__Assignment__: Write out each record below, word for word.

*** Material for this task

lemma intertwines_reversal_imp_entries_half_commute:
  fixes u :: "nat \<Rightarrow> nat \<Rightarrow> 'a::ring_1"
  assumes I: "intertwines n u 3 3 reversal_pairing"
    and idx: "ia < n" "ja < n" "ib < n" "jb < n" "ic < n" "jc < n"
  shows "u ia ja * u ib jb * u ic jc = u ic jc * u ib jb * u ia ja"
proof -
  define idx3 where "idx3 a b c = restrict (\<lambda>r. [a, b, c] ! r) {..<3}" for a b c :: nat
  have idx3_simps: "idx3 a b c 0 = a" "idx3 a b c 1 = b" "idx3 a b c (Suc 0) = b"
    "idx3 a b c 2 = c" "idx3 a b c (Suc (Suc 0)) = c" for a b c
    by (simp_all add: idx3_def)
  have idx3_mem: "idx3 a b c \<in> multi_idx 3 n" if "a < n" "b < n" "c < n" for a b c
    using that by (auto simp: idx3_def numeral_3_eq_3 less_Suc_eq)
  have delta_iff: "delta reversal_pairing x y \<longleftrightarrow> x 0 = y 2 \<and> x 1 = y 1 \<and> x 2 = y 0" for x y
    unfolding delta_def reversal_pairing_def by auto
  have "(\<Sum>x\<in>multi_idx 3 n. if delta reversal_pairing x (idx3 ic ib ia)
          then prod_list (map (\<lambda>r. u (x r) (idx3 ja jb jc r)) [0..<3]) else 0)
      = (\<Sum>y\<in>multi_idx 3 n. if delta reversal_pairing (idx3 ja jb jc) y
          then prod_list (map (\<lambda>s. u (idx3 ic ib ia s) (y s)) [0..<3]) else 0)"
    using I idx3_mem[of ic ib ia] idx3_mem[of ja jb jc] idx unfolding intertwines_def by blast
  moreover have "(\<Sum>x\<in>multi_idx 3 n. if delta reversal_pairing x (idx3 ic ib ia)
          then prod_list (map (\<lambda>r. u (x r) (idx3 ja jb jc r)) [0..<3]) else 0)
      = prod_list (map (\<lambda>r. u (idx3 ia ib ic r) (idx3 ja jb jc r)) [0..<3])"
    by (rule sum_multi_idx_3_single[OF idx3_mem[of ia ib ic]]) (use idx in \<open>auto simp: delta_iff idx3_simps\<close>)
  moreover have "(\<Sum>y\<in>multi_idx 3 n. if delta reversal_pairing (idx3 ja jb jc) y
          then prod_list (map (\<lambda>s. u (idx3 ic ib ia s) (y s)) [0..<3]) else 0)
      = prod_list (map (\<lambda>s. u (idx3 ic ib ia s) (idx3 jc jb ja s)) [0..<3])"
    by (rule sum_multi_idx_3_single[OF idx3_mem[of jc jb ja]]) (use idx in \<open>auto simp: delta_iff idx3_simps\<close>)
  ultimately have "prod_list (map (\<lambda>r. u (idx3 ia ib ic r) (idx3 ja jb jc r)) [0..<3])
      = prod_list (map (\<lambda>s. u (idx3 ic ib ia s) (idx3 jc jb ja s)) [0..<3])"
    by simp
  then show ?thesis by (simp add: upt_rec idx3_simps mult.assoc)
qed

lemma half_commuting_if_intertwines_reversal:
  fixes u :: "nat \<Rightarrow> nat \<Rightarrow> 'a::ring_1"
  assumes "intertwines n u 3 3 reversal_pairing"
  shows "half_commuting (entries n u)"
  unfolding half_commuting_def entries_def
  using intertwines_reversal_imp_entries_half_commute[OF assms] by blast

theorem theorem6p9:
  fixes n :: nat and u :: "nat \<Rightarrow> nat \<Rightarrow> 'a::cstar_algebra"
  assumes "orth_selfadj n u"
  shows "(\<forall>k l p. p \<in> Po_star k l \<longrightarrow> intertwines n u k l p) \<longleftrightarrow>
         (\<forall>a\<in>{u i j |i j. i < n \<and> j < n}. \<forall>b\<in>{u i j |i j. i < n \<and> j < n}.
            \<forall>c\<in>{u i j |i j. i < n \<and> j < n}. a * b * c = c * b * a)"
proof -
  have col: "\<forall>a<n. \<forall>b<n. (\<Sum>m<n. u m a * u m b) = (if a = b then 1 else 0)"
    and row: "\<forall>a<n. \<forall>b<n. (\<Sum>m<n. u a m * u b m) = (if a = b then 1 else 0)"
    using assms unfolding orth_selfadj_def by auto
  have "(\<forall>k l p. p \<in> Po_star k l \<longrightarrow> intertwines n u k l p) \<longleftrightarrow> half_commuting (entries n u)"
    using intertwines_if_half_commuting[OF _ col row] half_commuting_if_intertwines_reversal
      reversal_pairing_Po_star by blast
  then show ?thesis unfolding half_commuting_def entries_def .
qed

end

******

__Result of this exercise__:
lemma intertwines_reversal_imp_entries_half_commute:
  fixes u :: "nat \<Rightarrow> nat \<Rightarrow> 'a::ring_1"
  assumes I: "intertwines n u 3 3 reversal_pairing"
    and idx: "ia < n" "ja < n" "ib < n" "jb < n" "ic < n" "jc < n"
  shows "u ia ja * u ib jb * u ic jc = u ic jc * u ib jb * u ia ja"
proof -
  define idx3 where "idx3 a b c = restrict (\<lambda>r. [a, b, c] ! r) {..<3}" for a b c :: nat
  have idx3_simps: "idx3 a b c 0 = a" "idx3 a b c 1 = b" "idx3 a b c (Suc 0) = b"
    "idx3 a b c 2 = c" "idx3 a b c (Suc (Suc 0)) = c" for a b c
    by (simp_all add: idx3_def)
  have idx3_mem: "idx3 a b c \<in> multi_idx 3 n" if "a < n" "b < n" "c < n" for a b c
    using that by (auto simp: idx3_def numeral_3_eq_3 less_Suc_eq)
  have delta_iff: "delta reversal_pairing x y \<longleftrightarrow> x 0 = y 2 \<and> x 1 = y 1 \<and> x 2 = y 0" for x y
    unfolding delta_def reversal_pairing_def by auto
  have "(\<Sum>x\<in>multi_idx 3 n. if delta reversal_pairing x (idx3 ic ib ia)
          then prod_list (map (\<lambda>r. u (x r) (idx3 ja jb jc r)) [0..<3]) else 0)
      = (\<Sum>y\<in>multi_idx 3 n. if delta reversal_pairing (idx3 ja jb jc) y
          then prod_list (map (\<lambda>s. u (idx3 ic ib ia s) (y s)) [0..<3]) else 0)"
    using I idx3_mem[of ic ib ia] idx3_mem[of ja jb jc] idx unfolding intertwines_def by blast
  moreover have "(\<Sum>x\<in>multi_idx 3 n. if delta reversal_pairing x (idx3 ic ib ia)
          then prod_list (map (\<lambda>r. u (x r) (idx3 ja jb jc r)) [0..<3]) else 0)
      = prod_list (map (\<lambda>r. u (idx3 ia ib ic r) (idx3 ja jb jc r)) [0..<3])"
    by (rule sum_multi_idx_3_single[OF idx3_mem[of ia ib ic]]) (use idx in \<open>auto simp: delta_iff idx3_simps\<close>)
  moreover have "(\<Sum>y\<in>multi_idx 3 n. if delta reversal_pairing (idx3 ja jb jc) y
          then prod_list (map (\<lambda>s. u (idx3 ic ib ia s) (y s)) [0..<3]) else 0)
      = prod_list (map (\<lambda>s. u (idx3 ic ib ia s) (idx3 jc jb ja s)) [0..<3])"
    by (rule sum_multi_idx_3_single[OF idx3_mem[of jc jb ja]]) (use idx in \<open>auto simp: delta_iff idx3_simps\<close>)
  ultimately have "prod_list (map (\<lambda>r. u (idx3 ia ib ic r) (idx3 ja jb jc r)) [0..<3])
      = prod_list (map (\<lambda>s. u (idx3 ic ib ia s) (idx3 jc jb ja s)) [0..<3])"
    by simp
  then show ?thesis by (simp add: upt_rec idx3_simps mult.assoc)
qed

lemma half_commuting_if_intertwines_reversal:
  fixes u :: "nat \<Rightarrow> nat \<Rightarrow> 'a::ring_1"
  assumes "intertwines n u 3 3 reversal_pairing"
  shows "half_commuting (entries n u)"
  unfolding half_commuting_def entries_def
  using intertwines_reversal_imp_entries_half_commute[OF assms] by blast

theorem theorem6p9:
  fixes n :: nat and u :: "nat \<Rightarrow> nat \<Rightarrow> 'a::cstar_algebra"
  assumes "orth_selfadj n u"
  shows "(\<forall>k l p. p \<in> Po_star k l \<longrightarrow> intertwines n u k l p) \<longleftrightarrow>
         (\<forall>a\<in>{u i j |i j. i < n \<and> j < n}. \<forall>b\<in>{u i j |i j. i < n \<and> j < n}.
            \<forall>c\<in>{u i j |i j. i < n \<and> j < n}. a * b * c = c * b * a)"
proof -
  have col: "\<forall>a<n. \<forall>b<n. (\<Sum>m<n. u m a * u m b) = (if a = b then 1 else 0)"
    and row: "\<forall>a<n. \<forall>b<n. (\<Sum>m<n. u a m * u b m) = (if a = b then 1 else 0)"
    using assms unfolding orth_selfadj_def by auto
  have "(\<forall>k l p. p \<in> Po_star k l \<longrightarrow> intertwines n u k l p) \<longleftrightarrow> half_commuting (entries n u)"
    using intertwines_if_half_commuting[OF _ col row] half_commuting_if_intertwines_reversal
      reversal_pairing_Po_star by blast
  then show ?thesis unfolding half_commuting_def entries_def .
qed

end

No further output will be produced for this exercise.